Миссия представляла собой смесь учреждений, которые Кирк с трудом узнавал: отчасти церковь, отчасти столовая, отчасти комната отдыха. Помещение было уставлено столами и длинными скамьями; в одном его конце – там, где работники разливали суп и кофе – имелся небольшой помост. Рядом стоял большой ящик с инструментами, запертый на неуклюжий замок с цифровым диском. За столами по обе стороны от Кирка и Спока оборванные люди ждали без особого энтузиазма. Ближайший сосед, невысокий, с острыми чертами лица, чем-то напоминавший грызуна, окинул их взглядом.
– Вам это не понравится, – с преувеличенно скучающим видом произнёс он.
– Почему? – спросил Кирк.
– Надеетесь поесть на халяву? Тогда придётся вам слушать проповеди мисс Добродетели.
– Добрый вечер, – словно услышав его слова, заговорила Эдит. Она уже шла к помосту и теперь поднялась на него. Унылый вид присутствующих, казалось, нисколько не обескуражил её. Она держалась бодро и непринуждённо. – По-моему, кто-то здесь сказал, что придётся вам заплатить за суп.
Послышался смех.
– Не то, чтобы она была дурнушка, – тихо сказал похожий на грызуна. – Но если бы она вправду пожелала доставить мужчине…

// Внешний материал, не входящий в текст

lemma integrable_binom_prob_pair:
  assumes "sq_dist R"
  shows "integrable R (\<lambda>z. binom_prob t (fst z) x * binom_prob t (snd z) y)"
proof (rule integrable_sq_dist_bounded[OF assms continuous_on_binom_prob_pair])
  show "AE z in R. \<bar>binom_prob t (fst z) x * binom_prob t (snd z) y\<bar> \<le> 1"
    using AE_binom_prob_pair_bounds[OF assms, of t x y] by eventually_elim auto
qed

lemma obs_prob_bounds:
  assumes "sq_dist R"
  shows "0 \<le> obs_prob R t x y" "obs_prob R t x y \<le> 1"
proof -
  interpret prob_space R using assms by (simp add: sq_dist_def)
  note ig = integrable_binom_prob_pair[OF assms, of t x y]
  note ae = AE_binom_prob_pair_bounds[OF assms, of t x y]
  show "0 \<le> obs_prob R t x y" unfolding obs_prob_def
    using ae by (intro integral_ge_const[OF ig, of 0, simplified]) (auto elim: eventually_mono)
  show "obs_prob R t x y \<le> 1" unfolding obs_prob_def
    using ae by (intro integral_le_const[OF ig]) (auto elim: eventually_mono)
qed

lemma sum_obs_prob:
  assumes "sq_dist R"
  shows "(\<Sum>(x,y)\<in>{0..t}\<times>{0..t}. obs_prob R t x y) = 1"
proof -
  interpret prob_space R using assms by (simp add: sq_dist_def)
  have "(\<Sum>(x,y)\<in>{0..t}\<times>{0..t}. obs_prob R t x y)
      = (\<integral>z. (\<Sum>p\<in>{0..t}\<times>{0..t}. binom_prob t (fst z) (fst p) * binom_prob t (snd z) (snd p)) \<partial>R)"
    unfolding obs_prob_def split_def
    by (subst Bochner_Integration.integral_sum) (simp_all add: integrable_binom_prob_pair[OF assms])
  also have "\<dots> = (\<integral>z. (\<Sum>x\<le>t. binom_prob t (fst z) x) * (\<Sum>y\<le>t. binom_prob t (snd z) y) \<partial>R)"
    by (simp add: sum_product sum.cartesian_product atLeast0AtMost split_def)
  finally show ?thesis by (simp add: sum_binom_prob prob_space)
qed

lemma prod_list_between_0_1:
  "\<forall>x\<in>set xs. 0 \<le> x \<and> x \<le> (1::real) \<Longrightarrow> 0 \<le> prod_list xs \<and> prod_list xs \<le> 1"
  by (induction xs) (auto intro: mult_le_one)

lemma sample_prob_bounds:
  assumes "sq_dist R"
  shows "0 \<le> sample_prob R t s" "sample_prob R t s \<le> 1"
proof -
  have "\<forall>x\<in>set (map (\<lambda>(x, y). obs_prob R t x y) s). 0 \<le> x \<and> x \<le> 1"
    using obs_prob_bounds[OF assms] by auto
  from prod_list_between_0_1[OF this] show "0 \<le> sample_prob R t s" "sample_prob R t s \<le> 1"
    unfolding sample_prob_def by auto
qed

lemma risk_le:
  assumes "sq_dist R" "estimator \<rho>"
  shows "risk t N R \<rho> \<le> 4 * real (card (samples t N))"
proof -
  have "sample_prob R t s * W1 R (\<rho> s) \<le> 4" for s
  proof -
    have "sq_dist (\<rho> s)" using assms(2) by (simp add: estimator_def)
    then have "W1 R (\<rho> s) \<le> 4" "0 \<le> W1 R (\<rho> s)" using W1_le_4 W1_nonneg assms(1) by auto
    then show ?thesis
      using sample_prob_bounds[OF assms(1), of t s] mult_mono[of "sample_prob R t s" 1 "W1 R (\<rho> s)" 4]
      by simp
  qed
  then have "risk t N R \<rho> \<le> (\<Sum>s\<in>samples t N. 4)"
    unfolding risk_def by (intro sum_mono)
  then show ?thesis by simp
qed

lemma risk_le_SUP:
  assumes "sq_dist R" "estimator \<rho>"
  shows "risk t N R \<rho> \<le> (SUP R\<in>{R. sq_dist R}. risk t N R \<rho>)"
proof (rule cSUP_upper)
  show "bdd_above ((\<lambda>R. risk t N R \<rho>) ` {R. sq_dist R})"
    using risk_le[OF _ assms(2)] by (intro bdd_aboveI[of _ "4 * real (card (samples t N))"]) auto
qed (use assms in simp)

lemma samples_eq_lists_of_length: "samples t N = lists_of_length ({0..t} \<times> {0..t}) N"
  unfolding samples_def lists_of_length_def by auto

lemma sum_sample_prob:
  assumes "sq_dist R"
  shows "(\<Sum>s\<in>samples t N. sample_prob R t s) = 1"
  unfolding samples_eq_lists_of_length sample_prob_def
  using sum_prod_list_lists_of_length[of "{0..t}\<times>{0..t}" "\<lambda>(x,y). obs_prob R t x y" N]
    sum_obs_prob[OF assms] by simp

lemma sum_abs_sample_prob_diff_le:
  assumes "sq_dist R1" "sq_dist R2"
  shows "(\<Sum>s\<in>samples t N. \<bar>sample_prob R1 t s - sample_prob R2 t s\<bar>)
    \<le> real N * (\<Sum>(x,y)\<in>{0..t}\<times>{0..t}. \<bar>obs_prob R1 t x y - obs_prob R2 t x y\<bar>)"
  unfolding samples_eq_lists_of_length sample_prob_def split_def
  by (rule sum_abs_prod_list_diff_le)
     (use obs_prob_bounds[OF assms(1)] obs_prob_bounds[OF assms(2)] sum_obs_prob[OF assms(1)]
       sum_obs_prob[OF assms(2)] in \<open>auto simp: split_def\<close>)

section \<open>Le Cam's two-point method\<close>

lemma integral_diff_le_W1_add:
  assumes "sq_dist R1" "sq_dist R2" "sq_dist Q" "lipschitz_on 1 UNIV f"
  shows "(\<integral>z. f z \<partial>R1) - (\<integral>z. f z \<partial>R2) \<le> W1 R1 Q + W1 R2 Q"
  using W1_ge_integral_diff[OF assms(1,3,4)] W1_ge_integral_diff[OF assms(2,3), of "\<lambda>z. - f z"] assms(4)
  by simp

lemma risk_nonneg:
  assumes "sq_dist R" "estimator \<rho>"
  shows "0 \<le> risk t N R \<rho>"
  unfolding risk_def using assms sample_prob_bounds(1)[OF assms(1)] W1_nonneg[OF assms(1)]
  by (auto simp: estimator_def intro!: sum_nonneg)

lemma sum_min_sample_prob_ge:
  assumes R1: "sq_dist R1" and R2: "sq_dist R2"
    and tv: "real N * (\<Sum>(x,y)\<in>{0..t}\<times>{0..t}. \<bar>obs_prob R1 t x y - obs_prob R2 t x y\<bar>) \<le> 1"
  shows "1/2 \<le> (\<Sum>s\<in>samples t N. min (sample_prob R1 t s) (sample_prob R2 t s))"
proof -
  have "2 * min u v = u + v - \<bar>u - v\<bar>" for u v :: real
    by (simp add: min_def abs_if)
  then have "2 * (\<Sum>s\<in>samples t N. min (sample_prob R1 t s) (sample_prob R2 t s))
      = (\<Sum>s\<in>samples t N. sample_prob R1 t s) + (\<Sum>s\<in>samples t N. sample_prob R2 t s)
        - (\<Sum>s\<in>samples t N. \<bar>sample_prob R1 t s - sample_prob R2 t s\<bar>)"
    by (simp add: sum_distrib_left sum.distrib[symmetric] sum_subtractf[symmetric])
  also have "\<dots> \<ge> 1"
    using sum_sample_prob[OF R1] sum_sample_prob[OF R2] sum_abs_sample_prob_diff_le[OF R1 R2, of t N] tv
    by simp
  finally show ?thesis by simp
qed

– Заткнись, – сказал Кирк. Затем, перехватив взгляд Спок, он добавил. – Я хочу послушать.
– Конечно, – бесстрастно сказал Спок.
– Давайте начнём, как обычно – выяснив кое-что начистоту, – сказала Эдит. – Зачем я работаю, изворачиваюсь, может, даже обманываю немного, чтобы иметь возможность кормить вас? Не знаю. Я просто делаю это. Но я не собираюсь возиться с прихлебателями. Если вы не в силах завязать с выпивкой или отвыкли работать, или вам нравится жить на дне, я не желаю вас видеть, и вы не заслуживаете супа.
Кирк слушал со всё возрастающим удивлением. Он и сам не знал, чего ждал, но уж точно не этого.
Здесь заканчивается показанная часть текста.